START DATASET CONTENT

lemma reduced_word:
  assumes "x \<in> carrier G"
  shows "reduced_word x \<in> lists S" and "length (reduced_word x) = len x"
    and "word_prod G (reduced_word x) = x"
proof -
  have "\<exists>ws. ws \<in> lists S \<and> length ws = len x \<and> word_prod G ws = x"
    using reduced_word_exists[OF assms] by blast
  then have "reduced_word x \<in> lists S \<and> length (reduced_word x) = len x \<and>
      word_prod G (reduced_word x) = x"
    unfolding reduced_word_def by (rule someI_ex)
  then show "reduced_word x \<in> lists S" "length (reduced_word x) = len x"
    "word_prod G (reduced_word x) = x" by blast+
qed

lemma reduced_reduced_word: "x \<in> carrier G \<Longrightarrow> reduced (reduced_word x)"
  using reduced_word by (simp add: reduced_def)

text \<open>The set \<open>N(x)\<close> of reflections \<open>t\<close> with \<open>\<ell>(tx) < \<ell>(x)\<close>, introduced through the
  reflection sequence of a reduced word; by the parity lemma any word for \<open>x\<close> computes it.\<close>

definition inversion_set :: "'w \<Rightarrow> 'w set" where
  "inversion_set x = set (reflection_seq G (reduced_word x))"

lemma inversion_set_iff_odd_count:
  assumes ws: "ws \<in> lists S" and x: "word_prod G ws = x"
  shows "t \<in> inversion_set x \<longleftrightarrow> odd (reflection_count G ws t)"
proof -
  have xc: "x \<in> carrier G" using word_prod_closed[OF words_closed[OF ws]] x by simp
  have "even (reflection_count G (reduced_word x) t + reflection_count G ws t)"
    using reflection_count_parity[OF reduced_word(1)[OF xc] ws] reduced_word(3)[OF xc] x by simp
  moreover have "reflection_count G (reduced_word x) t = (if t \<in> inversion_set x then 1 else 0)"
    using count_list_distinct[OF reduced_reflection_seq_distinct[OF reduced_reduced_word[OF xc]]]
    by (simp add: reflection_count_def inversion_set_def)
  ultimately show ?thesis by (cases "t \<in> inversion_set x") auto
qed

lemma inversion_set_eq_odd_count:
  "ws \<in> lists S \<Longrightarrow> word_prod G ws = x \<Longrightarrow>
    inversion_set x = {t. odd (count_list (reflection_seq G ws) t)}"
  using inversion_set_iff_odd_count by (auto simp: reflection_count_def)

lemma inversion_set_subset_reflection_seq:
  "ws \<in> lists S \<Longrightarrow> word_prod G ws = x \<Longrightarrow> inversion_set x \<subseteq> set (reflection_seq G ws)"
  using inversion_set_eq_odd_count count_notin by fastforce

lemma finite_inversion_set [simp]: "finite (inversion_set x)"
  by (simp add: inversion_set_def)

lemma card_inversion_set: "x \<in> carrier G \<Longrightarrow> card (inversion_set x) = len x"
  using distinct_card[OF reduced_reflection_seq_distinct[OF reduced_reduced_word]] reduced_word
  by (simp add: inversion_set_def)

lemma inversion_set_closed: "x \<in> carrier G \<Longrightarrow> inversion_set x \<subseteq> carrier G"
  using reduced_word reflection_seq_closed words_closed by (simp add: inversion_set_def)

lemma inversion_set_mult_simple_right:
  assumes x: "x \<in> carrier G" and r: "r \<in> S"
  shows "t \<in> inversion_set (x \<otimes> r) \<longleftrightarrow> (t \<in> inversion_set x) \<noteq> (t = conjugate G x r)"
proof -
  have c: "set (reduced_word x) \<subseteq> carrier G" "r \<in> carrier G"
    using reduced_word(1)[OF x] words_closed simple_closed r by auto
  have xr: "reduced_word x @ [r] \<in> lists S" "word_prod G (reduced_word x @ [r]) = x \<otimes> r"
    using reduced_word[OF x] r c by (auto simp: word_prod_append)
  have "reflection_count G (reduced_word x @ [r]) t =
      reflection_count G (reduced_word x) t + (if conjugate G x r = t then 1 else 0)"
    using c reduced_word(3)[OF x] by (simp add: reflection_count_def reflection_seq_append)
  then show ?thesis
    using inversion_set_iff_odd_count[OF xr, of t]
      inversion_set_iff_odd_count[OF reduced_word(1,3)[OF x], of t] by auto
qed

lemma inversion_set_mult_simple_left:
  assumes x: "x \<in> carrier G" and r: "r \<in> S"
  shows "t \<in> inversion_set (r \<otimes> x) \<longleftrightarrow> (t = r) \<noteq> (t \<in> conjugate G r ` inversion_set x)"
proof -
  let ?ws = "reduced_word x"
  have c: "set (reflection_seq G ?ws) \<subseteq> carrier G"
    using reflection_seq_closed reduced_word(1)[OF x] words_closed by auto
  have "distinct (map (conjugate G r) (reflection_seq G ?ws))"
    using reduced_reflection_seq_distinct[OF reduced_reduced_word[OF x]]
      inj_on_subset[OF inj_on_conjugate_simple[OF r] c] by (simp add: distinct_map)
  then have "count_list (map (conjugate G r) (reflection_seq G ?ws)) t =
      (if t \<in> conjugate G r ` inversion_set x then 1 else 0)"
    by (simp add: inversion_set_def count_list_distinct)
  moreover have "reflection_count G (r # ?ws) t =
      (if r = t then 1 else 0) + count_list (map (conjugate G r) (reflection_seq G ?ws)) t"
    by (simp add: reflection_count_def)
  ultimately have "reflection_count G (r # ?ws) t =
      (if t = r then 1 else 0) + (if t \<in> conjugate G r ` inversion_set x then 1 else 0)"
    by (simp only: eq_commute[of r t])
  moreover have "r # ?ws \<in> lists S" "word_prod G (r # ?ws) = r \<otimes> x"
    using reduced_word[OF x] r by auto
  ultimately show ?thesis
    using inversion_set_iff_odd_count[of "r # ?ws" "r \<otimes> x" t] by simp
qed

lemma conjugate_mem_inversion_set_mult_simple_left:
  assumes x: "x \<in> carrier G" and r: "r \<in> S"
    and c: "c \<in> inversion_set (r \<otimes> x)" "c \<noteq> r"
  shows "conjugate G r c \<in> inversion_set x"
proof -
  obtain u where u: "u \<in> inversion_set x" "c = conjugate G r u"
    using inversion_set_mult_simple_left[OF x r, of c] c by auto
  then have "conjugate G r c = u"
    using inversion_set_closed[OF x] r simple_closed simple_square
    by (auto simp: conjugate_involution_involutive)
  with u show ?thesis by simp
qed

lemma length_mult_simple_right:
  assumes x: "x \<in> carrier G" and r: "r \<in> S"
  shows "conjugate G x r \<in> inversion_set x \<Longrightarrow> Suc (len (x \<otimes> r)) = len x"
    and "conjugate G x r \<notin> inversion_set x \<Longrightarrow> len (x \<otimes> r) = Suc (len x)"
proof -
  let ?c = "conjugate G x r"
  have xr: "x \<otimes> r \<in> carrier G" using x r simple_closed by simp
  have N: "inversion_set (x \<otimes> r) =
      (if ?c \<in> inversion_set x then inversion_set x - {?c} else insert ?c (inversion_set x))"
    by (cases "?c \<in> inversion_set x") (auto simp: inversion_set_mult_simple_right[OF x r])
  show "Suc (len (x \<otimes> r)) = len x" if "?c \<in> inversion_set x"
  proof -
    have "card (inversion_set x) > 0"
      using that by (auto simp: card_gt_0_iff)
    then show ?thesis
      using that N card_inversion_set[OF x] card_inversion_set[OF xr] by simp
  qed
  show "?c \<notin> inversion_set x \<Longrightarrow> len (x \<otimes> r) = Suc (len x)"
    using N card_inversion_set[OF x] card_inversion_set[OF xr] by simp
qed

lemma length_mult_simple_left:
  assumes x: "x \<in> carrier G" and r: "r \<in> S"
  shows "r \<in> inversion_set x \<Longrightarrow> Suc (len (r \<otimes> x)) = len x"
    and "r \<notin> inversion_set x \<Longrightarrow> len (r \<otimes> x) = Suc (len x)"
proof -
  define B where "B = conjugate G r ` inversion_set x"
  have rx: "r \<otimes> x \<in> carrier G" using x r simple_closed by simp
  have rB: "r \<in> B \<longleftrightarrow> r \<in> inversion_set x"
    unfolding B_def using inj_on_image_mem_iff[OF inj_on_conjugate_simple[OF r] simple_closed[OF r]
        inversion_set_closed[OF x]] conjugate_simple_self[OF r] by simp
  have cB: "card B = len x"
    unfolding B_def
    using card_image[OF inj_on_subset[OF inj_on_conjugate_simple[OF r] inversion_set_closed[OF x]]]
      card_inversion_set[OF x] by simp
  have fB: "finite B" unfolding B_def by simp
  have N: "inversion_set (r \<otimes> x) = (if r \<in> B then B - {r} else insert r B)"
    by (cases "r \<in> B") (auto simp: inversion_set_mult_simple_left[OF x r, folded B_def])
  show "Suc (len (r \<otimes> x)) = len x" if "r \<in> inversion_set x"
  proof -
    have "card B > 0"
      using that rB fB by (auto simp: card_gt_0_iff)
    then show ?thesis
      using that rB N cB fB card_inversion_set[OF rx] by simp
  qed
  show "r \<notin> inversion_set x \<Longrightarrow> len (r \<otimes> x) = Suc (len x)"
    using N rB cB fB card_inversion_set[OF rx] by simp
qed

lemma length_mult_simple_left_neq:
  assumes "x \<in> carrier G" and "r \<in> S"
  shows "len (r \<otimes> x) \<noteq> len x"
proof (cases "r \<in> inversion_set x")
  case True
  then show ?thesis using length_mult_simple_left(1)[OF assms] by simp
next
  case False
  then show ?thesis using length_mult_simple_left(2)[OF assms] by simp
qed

END DATASET CONTENT

YOUR ASSIGNMENT -
Return a word-for-word copy of the lines from the beginning of the listing to the line holding "using reduced_word by", both kept.

ANSWER BOX -
lemma reduced_word:
  assumes "x \<in> carrier G"
  shows "reduced_word x \<in> lists S" and "length (reduced_word x) = len x"
    and "word_prod G (reduced_word x) = x"
proof -
  have "\<exists>ws. ws \<in> lists S \<and> length ws = len x \<and> word_prod G ws = x"
    using reduced_word_exists[OF assms] by blast
  then have "reduced_word x \<in> lists S \<and> length (reduced_word x) = len x \<and>
      word_prod G (reduced_word x) = x"
    unfolding reduced_word_def by (rule someI_ex)
  then show "reduced_word x \<in> lists S" "length (reduced_word x) = len x"
    "word_prod G (reduced_word x) = x" by blast+
qed

lemma reduced_reduced_word: "x \<in> carrier G \<Longrightarrow> reduced (reduced_word x)"
  using reduced_word by (simp add: reduced_def)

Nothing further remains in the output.